Data to process START
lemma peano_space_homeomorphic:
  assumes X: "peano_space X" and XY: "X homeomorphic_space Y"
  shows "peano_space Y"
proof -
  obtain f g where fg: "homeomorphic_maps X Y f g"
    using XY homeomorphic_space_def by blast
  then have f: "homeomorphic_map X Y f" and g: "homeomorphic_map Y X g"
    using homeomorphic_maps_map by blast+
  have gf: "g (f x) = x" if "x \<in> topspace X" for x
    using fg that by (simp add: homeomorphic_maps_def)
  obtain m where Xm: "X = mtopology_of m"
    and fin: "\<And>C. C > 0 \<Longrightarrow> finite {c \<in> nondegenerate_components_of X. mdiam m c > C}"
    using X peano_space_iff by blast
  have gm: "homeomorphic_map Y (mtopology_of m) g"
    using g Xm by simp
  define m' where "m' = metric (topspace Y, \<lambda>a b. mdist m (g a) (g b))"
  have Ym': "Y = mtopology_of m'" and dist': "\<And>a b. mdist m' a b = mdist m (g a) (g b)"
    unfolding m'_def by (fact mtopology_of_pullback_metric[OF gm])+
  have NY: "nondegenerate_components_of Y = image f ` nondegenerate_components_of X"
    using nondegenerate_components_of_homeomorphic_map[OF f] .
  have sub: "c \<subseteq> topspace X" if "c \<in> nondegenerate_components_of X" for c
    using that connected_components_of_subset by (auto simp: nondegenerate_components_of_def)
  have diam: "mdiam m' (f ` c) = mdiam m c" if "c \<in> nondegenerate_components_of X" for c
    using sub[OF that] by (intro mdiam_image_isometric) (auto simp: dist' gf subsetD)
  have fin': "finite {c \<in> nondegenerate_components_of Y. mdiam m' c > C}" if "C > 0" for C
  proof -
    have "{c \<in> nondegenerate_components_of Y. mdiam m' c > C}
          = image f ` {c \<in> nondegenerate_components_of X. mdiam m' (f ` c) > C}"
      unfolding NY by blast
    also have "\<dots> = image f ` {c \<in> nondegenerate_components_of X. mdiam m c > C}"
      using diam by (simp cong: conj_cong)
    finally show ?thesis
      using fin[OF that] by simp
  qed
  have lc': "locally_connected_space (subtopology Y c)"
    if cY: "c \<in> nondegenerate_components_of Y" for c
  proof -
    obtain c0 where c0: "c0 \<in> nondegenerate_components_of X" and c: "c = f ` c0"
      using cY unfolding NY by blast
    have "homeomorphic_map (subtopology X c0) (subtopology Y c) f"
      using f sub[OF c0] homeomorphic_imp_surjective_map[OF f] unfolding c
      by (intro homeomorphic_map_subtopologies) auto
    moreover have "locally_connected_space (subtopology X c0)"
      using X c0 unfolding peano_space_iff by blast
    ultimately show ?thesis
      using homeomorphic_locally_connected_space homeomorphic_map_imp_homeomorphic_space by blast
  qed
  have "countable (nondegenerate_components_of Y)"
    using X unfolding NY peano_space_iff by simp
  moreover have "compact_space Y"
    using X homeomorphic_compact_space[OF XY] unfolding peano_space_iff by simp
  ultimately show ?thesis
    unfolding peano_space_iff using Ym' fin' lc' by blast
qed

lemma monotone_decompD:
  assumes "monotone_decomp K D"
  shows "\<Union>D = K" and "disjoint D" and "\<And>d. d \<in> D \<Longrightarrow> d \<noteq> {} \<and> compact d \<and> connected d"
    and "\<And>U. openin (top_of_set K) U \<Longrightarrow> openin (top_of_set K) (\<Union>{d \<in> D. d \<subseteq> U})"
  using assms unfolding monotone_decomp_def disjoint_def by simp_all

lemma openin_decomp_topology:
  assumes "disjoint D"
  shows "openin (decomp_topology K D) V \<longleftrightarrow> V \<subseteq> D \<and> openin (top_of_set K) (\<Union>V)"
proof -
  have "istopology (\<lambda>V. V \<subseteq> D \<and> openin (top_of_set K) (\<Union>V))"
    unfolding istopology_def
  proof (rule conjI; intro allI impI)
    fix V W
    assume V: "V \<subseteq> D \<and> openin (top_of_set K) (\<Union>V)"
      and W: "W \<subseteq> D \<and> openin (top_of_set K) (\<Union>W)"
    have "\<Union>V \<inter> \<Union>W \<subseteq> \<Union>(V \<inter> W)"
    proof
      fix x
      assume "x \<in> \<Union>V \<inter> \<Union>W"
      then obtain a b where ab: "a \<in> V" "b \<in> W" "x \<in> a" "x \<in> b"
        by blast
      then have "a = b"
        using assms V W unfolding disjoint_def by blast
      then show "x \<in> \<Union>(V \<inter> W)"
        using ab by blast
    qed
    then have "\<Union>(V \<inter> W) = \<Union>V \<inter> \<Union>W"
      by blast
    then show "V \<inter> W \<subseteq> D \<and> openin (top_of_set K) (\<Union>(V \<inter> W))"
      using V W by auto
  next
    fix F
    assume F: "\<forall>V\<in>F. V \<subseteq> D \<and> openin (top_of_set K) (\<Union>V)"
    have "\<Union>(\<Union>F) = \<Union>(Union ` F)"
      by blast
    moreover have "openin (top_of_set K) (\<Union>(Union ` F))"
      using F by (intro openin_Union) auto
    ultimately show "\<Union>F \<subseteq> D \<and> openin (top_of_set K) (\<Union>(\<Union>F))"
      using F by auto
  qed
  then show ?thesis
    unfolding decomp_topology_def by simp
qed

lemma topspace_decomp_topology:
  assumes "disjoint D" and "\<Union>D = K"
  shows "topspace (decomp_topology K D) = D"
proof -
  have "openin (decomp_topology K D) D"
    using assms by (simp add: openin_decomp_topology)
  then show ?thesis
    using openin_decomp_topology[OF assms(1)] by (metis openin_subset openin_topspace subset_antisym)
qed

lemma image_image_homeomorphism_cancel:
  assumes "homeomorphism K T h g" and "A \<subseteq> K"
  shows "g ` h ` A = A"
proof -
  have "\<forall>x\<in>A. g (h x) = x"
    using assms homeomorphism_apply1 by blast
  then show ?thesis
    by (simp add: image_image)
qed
Data to process END
Data to process START
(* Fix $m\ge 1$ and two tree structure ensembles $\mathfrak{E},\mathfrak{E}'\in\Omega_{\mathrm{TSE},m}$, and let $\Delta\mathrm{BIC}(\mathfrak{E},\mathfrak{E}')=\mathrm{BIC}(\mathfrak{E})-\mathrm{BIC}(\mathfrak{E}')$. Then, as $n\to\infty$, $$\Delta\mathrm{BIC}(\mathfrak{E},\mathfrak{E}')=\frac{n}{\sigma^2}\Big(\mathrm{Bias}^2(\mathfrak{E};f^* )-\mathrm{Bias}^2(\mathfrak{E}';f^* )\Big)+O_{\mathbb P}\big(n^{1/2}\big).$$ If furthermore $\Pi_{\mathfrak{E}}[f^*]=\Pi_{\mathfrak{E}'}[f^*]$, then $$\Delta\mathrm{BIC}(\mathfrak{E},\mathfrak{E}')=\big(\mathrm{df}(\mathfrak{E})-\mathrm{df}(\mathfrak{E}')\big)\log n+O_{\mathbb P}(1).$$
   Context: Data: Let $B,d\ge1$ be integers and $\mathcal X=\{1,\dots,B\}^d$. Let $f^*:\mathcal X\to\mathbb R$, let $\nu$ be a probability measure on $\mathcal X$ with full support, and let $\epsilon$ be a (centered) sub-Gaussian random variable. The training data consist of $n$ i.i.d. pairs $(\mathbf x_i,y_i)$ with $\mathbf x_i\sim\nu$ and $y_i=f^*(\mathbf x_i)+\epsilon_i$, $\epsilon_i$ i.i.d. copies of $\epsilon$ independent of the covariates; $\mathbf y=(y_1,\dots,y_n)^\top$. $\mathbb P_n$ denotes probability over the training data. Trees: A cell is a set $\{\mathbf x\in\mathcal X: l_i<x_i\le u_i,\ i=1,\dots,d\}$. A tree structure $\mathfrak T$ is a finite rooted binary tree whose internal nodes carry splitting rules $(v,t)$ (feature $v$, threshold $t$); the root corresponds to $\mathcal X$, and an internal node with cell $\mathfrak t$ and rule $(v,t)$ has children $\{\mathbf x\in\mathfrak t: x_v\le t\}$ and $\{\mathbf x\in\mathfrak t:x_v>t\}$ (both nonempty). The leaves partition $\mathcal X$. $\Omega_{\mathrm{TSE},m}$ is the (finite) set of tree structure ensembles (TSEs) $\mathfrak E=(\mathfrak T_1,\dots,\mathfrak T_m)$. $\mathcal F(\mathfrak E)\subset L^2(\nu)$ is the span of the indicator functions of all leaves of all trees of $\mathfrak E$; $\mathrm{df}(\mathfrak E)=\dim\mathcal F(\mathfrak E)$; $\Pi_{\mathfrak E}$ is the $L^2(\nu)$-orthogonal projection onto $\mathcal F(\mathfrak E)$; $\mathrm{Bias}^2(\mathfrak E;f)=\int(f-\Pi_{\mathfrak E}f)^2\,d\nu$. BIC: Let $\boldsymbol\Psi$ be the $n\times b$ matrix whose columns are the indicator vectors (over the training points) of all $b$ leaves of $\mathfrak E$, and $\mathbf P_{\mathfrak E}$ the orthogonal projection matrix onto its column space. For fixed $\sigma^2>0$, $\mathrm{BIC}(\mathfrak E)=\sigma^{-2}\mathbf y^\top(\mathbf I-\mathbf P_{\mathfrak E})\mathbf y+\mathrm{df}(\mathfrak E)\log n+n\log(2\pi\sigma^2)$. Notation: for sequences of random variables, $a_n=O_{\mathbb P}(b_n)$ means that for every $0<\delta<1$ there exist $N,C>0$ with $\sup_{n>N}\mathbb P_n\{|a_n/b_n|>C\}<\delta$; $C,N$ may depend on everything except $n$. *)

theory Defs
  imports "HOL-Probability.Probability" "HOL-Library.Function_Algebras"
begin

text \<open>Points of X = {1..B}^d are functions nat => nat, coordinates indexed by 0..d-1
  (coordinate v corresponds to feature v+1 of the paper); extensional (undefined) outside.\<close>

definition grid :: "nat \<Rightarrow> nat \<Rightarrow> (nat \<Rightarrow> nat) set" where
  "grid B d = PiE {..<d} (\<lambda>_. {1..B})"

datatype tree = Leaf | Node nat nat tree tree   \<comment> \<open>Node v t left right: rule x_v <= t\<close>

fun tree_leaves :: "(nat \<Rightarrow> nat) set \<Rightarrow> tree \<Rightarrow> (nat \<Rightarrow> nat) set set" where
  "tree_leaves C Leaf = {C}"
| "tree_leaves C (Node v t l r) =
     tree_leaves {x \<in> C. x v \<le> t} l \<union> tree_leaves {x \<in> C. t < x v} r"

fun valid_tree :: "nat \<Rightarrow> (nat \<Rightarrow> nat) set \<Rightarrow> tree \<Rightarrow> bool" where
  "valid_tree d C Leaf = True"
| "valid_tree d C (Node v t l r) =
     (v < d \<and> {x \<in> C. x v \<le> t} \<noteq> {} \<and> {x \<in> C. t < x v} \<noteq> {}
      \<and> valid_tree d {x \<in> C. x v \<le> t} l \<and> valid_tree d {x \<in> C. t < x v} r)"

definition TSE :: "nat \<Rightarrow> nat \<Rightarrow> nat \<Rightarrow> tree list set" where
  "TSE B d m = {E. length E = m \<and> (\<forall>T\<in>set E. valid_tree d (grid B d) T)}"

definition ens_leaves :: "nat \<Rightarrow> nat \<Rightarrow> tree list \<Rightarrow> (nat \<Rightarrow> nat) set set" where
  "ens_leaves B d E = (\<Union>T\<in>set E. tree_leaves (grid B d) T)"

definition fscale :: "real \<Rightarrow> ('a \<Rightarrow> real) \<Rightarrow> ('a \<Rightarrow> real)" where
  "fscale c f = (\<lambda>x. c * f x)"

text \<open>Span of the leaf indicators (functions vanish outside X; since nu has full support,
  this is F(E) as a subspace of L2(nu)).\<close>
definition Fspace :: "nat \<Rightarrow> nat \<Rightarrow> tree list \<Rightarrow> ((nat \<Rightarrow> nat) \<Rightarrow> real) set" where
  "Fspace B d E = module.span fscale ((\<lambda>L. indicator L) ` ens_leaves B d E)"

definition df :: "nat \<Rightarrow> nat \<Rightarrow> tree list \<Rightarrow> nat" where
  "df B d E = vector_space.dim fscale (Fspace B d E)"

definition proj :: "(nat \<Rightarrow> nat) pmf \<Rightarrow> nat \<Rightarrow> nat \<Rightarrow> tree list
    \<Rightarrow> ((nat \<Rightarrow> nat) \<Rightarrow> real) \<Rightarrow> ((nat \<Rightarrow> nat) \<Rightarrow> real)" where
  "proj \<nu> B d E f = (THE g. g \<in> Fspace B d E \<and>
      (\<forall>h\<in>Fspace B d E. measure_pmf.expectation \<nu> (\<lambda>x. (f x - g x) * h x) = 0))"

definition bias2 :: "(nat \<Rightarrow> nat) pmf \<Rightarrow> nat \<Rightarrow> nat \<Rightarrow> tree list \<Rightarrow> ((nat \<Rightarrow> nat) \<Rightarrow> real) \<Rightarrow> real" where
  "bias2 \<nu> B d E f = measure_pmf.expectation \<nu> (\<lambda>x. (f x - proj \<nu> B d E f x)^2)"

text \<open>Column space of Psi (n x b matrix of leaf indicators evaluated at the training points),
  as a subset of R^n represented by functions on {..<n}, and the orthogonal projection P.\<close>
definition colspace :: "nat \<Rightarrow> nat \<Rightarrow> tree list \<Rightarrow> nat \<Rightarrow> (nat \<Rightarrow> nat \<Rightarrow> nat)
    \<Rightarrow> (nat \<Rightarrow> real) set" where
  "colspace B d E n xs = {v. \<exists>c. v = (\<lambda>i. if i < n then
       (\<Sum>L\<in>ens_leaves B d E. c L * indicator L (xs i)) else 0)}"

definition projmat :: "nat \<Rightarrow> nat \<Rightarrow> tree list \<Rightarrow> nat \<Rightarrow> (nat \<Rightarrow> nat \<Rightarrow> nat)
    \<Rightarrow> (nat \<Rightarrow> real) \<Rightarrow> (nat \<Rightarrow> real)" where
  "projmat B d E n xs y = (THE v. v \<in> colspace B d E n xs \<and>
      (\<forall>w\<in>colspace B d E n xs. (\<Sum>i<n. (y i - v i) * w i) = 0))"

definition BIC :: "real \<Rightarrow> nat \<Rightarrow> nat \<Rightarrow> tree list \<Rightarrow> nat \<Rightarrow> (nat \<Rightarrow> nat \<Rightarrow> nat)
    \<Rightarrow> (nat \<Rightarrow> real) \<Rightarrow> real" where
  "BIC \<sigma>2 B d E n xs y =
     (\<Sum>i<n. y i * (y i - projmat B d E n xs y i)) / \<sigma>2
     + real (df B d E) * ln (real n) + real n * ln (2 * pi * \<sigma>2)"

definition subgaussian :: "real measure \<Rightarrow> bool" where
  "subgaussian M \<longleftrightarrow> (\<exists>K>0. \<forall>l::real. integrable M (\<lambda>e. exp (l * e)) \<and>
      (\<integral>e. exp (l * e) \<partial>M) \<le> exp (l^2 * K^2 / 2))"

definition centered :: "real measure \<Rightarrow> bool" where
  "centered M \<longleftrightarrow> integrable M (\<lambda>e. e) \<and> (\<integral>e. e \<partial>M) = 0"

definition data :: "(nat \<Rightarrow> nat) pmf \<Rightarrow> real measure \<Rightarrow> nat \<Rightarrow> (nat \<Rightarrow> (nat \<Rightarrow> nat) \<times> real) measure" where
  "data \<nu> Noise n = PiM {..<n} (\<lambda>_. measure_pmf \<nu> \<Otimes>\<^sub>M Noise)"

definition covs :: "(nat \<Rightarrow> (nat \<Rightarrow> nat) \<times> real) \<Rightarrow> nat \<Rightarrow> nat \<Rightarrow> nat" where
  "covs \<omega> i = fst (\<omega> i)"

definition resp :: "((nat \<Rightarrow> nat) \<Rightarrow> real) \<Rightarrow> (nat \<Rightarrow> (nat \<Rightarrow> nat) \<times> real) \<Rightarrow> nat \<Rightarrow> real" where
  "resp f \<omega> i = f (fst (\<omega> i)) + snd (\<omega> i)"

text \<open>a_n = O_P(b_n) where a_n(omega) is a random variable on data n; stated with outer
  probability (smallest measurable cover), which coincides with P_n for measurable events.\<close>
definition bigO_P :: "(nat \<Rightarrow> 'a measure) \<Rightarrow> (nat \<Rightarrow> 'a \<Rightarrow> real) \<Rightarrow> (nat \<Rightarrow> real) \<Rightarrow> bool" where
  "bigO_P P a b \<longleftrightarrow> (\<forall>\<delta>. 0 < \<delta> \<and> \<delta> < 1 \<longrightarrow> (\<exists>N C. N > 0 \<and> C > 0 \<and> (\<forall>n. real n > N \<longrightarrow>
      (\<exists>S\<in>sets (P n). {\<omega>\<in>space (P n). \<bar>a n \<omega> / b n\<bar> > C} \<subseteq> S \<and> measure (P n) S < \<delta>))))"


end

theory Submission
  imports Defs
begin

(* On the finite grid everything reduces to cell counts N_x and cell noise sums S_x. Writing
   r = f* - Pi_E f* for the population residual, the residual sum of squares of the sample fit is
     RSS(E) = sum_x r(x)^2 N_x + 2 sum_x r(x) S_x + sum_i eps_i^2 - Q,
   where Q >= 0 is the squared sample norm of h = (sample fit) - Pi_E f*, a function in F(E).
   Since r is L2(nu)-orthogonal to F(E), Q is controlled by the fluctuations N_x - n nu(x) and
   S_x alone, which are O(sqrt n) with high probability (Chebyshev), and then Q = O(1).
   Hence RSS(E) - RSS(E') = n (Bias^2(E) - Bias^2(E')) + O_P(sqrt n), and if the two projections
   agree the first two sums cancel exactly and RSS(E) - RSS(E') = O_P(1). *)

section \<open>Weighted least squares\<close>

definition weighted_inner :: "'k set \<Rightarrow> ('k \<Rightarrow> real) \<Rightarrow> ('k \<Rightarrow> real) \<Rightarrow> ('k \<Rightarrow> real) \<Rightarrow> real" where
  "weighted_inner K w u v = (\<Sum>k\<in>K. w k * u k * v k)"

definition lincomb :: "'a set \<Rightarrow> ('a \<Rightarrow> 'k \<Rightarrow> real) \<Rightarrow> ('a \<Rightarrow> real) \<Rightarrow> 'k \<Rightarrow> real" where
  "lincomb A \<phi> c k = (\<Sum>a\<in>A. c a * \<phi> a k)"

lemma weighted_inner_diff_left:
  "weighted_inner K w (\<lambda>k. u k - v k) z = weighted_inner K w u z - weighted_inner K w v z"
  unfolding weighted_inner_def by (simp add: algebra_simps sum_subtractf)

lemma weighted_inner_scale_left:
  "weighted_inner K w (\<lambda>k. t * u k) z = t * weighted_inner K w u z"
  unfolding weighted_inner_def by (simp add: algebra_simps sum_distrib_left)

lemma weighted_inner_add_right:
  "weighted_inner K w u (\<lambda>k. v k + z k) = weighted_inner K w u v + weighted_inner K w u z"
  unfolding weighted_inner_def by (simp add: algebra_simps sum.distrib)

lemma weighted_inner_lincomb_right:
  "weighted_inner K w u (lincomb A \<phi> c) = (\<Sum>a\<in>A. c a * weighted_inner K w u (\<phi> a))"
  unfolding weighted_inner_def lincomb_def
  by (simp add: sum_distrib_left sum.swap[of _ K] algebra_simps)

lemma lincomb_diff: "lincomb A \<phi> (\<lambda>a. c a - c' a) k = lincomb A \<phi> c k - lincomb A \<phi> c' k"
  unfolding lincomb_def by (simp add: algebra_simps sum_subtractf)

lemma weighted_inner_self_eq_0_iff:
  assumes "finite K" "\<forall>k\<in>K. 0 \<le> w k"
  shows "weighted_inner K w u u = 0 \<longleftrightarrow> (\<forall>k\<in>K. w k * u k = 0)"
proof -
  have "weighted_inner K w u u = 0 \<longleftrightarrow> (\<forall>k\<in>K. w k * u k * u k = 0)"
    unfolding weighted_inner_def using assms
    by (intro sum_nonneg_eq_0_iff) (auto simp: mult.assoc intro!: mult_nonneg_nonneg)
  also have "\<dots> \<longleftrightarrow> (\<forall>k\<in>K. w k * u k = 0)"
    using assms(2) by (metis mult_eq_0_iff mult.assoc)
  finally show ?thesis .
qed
Data to process END
What you need to do: Reproduce every line in the records above that contains the word "assumes".

Answer box:
  assumes X: "peano_space X" and XY: "X homeomorphic_space Y"
  assumes "monotone_decomp K D"
  assumes "disjoint D"
  assumes "disjoint D" and "\<Union>D = K"
  assumes "homeomorphism K T h g" and "A \<subseteq> K"
  assumes "finite K" "\<forall>k\<in>K. 0 \<le> w k"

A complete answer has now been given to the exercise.